[Stored data entries]
══════
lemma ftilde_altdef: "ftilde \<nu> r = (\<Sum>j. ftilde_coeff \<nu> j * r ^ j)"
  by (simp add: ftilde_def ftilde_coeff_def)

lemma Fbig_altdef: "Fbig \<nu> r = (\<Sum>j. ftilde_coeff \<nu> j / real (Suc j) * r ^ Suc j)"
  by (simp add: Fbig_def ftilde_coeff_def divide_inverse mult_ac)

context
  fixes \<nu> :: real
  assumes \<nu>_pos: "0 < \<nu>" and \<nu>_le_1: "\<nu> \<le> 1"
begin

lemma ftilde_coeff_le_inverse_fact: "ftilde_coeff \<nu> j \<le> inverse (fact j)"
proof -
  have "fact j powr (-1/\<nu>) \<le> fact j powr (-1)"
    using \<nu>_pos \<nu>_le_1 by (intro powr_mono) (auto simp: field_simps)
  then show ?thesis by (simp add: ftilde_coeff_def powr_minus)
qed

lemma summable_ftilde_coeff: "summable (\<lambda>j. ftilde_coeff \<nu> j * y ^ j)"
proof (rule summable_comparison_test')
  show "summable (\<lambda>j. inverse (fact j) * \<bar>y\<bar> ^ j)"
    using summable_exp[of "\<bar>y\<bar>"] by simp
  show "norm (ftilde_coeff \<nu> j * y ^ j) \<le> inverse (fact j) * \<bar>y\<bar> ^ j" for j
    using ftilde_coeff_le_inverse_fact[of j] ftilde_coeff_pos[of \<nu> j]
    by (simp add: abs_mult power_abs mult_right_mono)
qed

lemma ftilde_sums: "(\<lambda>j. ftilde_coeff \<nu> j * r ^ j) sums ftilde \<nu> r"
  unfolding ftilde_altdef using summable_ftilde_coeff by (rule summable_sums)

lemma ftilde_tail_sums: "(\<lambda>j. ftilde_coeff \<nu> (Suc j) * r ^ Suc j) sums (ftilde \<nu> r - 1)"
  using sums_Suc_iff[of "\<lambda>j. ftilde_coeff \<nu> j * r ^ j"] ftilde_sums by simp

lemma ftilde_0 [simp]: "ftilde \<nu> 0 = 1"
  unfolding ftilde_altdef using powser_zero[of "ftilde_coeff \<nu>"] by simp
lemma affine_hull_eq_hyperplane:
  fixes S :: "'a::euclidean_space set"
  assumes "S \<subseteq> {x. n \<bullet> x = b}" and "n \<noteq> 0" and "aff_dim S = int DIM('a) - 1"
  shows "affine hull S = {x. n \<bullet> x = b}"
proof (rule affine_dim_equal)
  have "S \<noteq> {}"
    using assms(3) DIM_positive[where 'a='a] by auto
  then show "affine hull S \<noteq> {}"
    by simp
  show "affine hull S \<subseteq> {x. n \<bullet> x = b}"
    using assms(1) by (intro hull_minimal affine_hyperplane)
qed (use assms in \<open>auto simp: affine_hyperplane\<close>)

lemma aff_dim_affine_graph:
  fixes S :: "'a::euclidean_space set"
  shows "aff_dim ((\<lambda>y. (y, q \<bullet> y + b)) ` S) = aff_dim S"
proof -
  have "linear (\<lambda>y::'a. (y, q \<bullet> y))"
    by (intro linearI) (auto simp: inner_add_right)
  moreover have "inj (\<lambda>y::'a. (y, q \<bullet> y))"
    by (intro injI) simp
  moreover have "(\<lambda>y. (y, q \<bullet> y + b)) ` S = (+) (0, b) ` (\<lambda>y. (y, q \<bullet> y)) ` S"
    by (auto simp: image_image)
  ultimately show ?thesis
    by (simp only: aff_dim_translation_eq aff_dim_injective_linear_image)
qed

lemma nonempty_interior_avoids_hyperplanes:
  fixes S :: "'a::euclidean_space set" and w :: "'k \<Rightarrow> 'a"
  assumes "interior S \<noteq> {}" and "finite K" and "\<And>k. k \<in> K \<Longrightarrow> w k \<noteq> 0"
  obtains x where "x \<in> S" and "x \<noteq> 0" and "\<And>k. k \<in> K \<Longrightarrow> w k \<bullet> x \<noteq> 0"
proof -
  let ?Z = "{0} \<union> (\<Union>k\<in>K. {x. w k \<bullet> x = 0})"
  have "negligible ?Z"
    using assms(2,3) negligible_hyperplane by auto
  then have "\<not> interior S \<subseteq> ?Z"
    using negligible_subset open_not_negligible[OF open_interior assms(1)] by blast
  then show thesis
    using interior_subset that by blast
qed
══════
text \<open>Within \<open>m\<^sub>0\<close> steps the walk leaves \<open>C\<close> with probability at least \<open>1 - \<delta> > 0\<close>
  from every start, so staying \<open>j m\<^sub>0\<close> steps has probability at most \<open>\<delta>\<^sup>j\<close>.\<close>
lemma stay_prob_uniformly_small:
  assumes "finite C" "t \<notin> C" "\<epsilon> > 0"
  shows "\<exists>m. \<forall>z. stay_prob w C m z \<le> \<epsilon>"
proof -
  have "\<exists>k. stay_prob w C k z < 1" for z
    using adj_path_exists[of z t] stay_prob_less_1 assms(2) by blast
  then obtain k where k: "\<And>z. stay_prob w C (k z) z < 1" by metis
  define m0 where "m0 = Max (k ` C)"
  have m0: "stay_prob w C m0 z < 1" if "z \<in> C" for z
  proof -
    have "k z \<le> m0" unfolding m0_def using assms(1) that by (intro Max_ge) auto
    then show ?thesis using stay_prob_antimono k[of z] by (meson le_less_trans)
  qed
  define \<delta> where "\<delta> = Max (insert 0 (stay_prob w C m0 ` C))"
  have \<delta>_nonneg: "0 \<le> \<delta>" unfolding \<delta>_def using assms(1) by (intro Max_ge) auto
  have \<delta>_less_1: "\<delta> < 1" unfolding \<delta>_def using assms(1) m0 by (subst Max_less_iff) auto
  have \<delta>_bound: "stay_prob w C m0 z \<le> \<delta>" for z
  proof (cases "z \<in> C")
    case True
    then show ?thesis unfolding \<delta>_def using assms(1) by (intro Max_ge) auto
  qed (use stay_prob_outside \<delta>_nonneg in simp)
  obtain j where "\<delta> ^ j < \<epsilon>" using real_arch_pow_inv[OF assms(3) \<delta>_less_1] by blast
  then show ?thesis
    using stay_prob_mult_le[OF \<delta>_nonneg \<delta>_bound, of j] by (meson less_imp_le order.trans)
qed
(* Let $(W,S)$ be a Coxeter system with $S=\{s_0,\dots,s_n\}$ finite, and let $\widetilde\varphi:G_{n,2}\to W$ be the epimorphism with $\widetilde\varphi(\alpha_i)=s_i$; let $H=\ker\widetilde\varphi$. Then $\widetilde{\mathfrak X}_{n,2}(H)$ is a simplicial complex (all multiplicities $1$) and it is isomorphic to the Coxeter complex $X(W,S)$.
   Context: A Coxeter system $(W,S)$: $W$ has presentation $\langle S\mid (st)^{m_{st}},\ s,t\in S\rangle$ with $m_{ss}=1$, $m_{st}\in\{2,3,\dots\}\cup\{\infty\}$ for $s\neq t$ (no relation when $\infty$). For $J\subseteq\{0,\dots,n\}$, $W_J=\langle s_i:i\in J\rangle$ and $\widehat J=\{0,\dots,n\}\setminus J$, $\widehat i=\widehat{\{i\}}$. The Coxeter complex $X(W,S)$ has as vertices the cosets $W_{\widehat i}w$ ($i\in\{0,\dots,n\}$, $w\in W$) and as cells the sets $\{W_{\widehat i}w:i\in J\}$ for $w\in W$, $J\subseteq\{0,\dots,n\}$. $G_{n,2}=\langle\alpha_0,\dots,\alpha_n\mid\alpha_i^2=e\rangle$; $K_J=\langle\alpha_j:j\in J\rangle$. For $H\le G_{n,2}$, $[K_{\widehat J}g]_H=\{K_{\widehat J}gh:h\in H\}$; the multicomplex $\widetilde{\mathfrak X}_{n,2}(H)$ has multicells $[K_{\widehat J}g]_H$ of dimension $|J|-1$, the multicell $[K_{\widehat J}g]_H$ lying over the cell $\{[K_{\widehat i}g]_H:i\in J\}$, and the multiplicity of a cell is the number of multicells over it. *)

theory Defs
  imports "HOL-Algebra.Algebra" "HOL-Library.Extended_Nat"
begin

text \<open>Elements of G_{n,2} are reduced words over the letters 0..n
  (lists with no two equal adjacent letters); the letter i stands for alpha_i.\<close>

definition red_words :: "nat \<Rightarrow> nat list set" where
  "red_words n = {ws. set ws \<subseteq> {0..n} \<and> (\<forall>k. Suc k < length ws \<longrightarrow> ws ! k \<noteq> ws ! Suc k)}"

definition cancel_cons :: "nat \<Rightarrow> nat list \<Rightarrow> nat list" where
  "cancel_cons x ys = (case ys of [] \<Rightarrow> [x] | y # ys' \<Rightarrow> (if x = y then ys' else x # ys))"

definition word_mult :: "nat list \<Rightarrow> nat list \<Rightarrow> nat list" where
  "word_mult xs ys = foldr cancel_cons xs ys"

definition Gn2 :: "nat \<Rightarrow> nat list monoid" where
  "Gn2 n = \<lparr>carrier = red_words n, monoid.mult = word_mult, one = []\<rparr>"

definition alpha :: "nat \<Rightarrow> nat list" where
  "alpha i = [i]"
══════
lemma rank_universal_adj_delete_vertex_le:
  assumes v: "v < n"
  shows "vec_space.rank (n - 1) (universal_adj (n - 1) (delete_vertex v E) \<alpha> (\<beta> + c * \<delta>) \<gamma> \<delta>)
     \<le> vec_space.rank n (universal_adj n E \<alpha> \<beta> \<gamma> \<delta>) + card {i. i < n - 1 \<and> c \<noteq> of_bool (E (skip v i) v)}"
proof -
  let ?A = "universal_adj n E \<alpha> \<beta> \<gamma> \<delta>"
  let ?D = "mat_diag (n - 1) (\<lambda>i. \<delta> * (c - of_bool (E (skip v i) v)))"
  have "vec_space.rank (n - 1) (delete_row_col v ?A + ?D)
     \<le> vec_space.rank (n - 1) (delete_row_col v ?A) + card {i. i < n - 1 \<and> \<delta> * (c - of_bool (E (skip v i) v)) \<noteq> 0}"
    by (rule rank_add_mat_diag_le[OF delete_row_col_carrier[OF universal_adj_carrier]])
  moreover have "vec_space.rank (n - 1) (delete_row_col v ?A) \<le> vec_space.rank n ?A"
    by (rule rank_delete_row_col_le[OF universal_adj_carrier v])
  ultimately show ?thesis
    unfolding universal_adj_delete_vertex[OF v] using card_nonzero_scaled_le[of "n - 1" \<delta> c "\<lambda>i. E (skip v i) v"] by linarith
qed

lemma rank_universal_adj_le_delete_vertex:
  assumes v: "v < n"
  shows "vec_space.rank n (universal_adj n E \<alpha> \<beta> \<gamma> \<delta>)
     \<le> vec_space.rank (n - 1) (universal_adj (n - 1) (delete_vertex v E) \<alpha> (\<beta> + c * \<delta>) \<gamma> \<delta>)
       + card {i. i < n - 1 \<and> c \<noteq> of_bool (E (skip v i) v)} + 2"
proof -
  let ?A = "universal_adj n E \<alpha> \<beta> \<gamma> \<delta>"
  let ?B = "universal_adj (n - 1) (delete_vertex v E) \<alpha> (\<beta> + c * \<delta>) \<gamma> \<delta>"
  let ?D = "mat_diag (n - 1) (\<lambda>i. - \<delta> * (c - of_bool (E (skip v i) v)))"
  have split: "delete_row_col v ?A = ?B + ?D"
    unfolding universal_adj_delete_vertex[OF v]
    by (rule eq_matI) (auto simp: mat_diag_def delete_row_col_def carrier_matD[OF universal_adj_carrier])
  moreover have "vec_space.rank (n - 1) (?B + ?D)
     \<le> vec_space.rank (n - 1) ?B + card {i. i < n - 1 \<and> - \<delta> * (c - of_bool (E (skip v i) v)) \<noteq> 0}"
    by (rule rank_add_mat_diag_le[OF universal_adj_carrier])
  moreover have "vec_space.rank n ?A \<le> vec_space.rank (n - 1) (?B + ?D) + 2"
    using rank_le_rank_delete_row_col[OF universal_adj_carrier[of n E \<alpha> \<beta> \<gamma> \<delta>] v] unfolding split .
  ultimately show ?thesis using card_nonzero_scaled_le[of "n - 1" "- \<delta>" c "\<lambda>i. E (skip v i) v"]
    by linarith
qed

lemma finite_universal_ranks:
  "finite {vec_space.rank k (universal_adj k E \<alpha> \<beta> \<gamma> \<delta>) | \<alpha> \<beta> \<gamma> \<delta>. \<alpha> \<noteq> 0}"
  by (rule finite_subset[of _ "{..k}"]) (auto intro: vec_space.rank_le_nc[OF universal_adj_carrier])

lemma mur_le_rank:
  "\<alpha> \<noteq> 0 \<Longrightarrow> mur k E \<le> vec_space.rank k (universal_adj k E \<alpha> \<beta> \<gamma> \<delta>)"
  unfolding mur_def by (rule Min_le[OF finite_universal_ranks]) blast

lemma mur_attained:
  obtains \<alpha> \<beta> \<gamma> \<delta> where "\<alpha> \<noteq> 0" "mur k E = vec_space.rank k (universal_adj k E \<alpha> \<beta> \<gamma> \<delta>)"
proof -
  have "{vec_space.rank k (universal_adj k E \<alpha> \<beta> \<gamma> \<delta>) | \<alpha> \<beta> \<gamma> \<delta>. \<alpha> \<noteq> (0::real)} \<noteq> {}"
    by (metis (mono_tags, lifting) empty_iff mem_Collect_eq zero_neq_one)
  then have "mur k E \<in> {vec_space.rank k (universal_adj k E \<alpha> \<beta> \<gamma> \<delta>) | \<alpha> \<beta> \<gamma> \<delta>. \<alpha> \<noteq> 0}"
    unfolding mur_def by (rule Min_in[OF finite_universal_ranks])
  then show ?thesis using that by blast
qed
══════
EXERCISE REQUIREMENTS: Restate word for word the entries above, starting at the line with "unfolding ftilde_altdef using powser_zero[of" and ending at the line with "then show thesis", inclusive, and no others.

EXERCISE ANSWER:
  unfolding ftilde_altdef using powser_zero[of "ftilde_coeff \<nu>"] by simp
lemma affine_hull_eq_hyperplane:
  fixes S :: "'a::euclidean_space set"
  assumes "S \<subseteq> {x. n \<bullet> x = b}" and "n \<noteq> 0" and "aff_dim S = int DIM('a) - 1"
  shows "affine hull S = {x. n \<bullet> x = b}"
proof (rule affine_dim_equal)
  have "S \<noteq> {}"
    using assms(3) DIM_positive[where 'a='a] by auto
  then show "affine hull S \<noteq> {}"
    by simp
  show "affine hull S \<subseteq> {x. n \<bullet> x = b}"
    using assms(1) by (intro hull_minimal affine_hyperplane)
qed (use assms in \<open>auto simp: affine_hyperplane\<close>)

lemma aff_dim_affine_graph:
  fixes S :: "'a::euclidean_space set"
  shows "aff_dim ((\<lambda>y. (y, q \<bullet> y + b)) ` S) = aff_dim S"
proof -
  have "linear (\<lambda>y::'a. (y, q \<bullet> y))"
    by (intro linearI) (auto simp: inner_add_right)
  moreover have "inj (\<lambda>y::'a. (y, q \<bullet> y))"
    by (intro injI) simp
  moreover have "(\<lambda>y. (y, q \<bullet> y + b)) ` S = (+) (0, b) ` (\<lambda>y. (y, q \<bullet> y)) ` S"
    by (auto simp: image_image)
  ultimately show ?thesis
    by (simp only: aff_dim_translation_eq aff_dim_injective_linear_image)
qed

lemma nonempty_interior_avoids_hyperplanes:
  fixes S :: "'a::euclidean_space set" and w :: "'k \<Rightarrow> 'a"
  assumes "interior S \<noteq> {}" and "finite K" and "\<And>k. k \<in> K \<Longrightarrow> w k \<noteq> 0"
  obtains x where "x \<in> S" and "x \<noteq> 0" and "\<And>k. k \<in> K \<Longrightarrow> w k \<bullet> x \<noteq> 0"
proof -
  let ?Z = "{0} \<union> (\<Union>k\<in>K. {x. w k \<bullet> x = 0})"
  have "negligible ?Z"
    using assms(2,3) negligible_hyperplane by auto
  then have "\<not> interior S \<subseteq> ?Z"
    using negligible_subset open_not_negligible[OF open_interior assms(1)] by blast
  then show thesis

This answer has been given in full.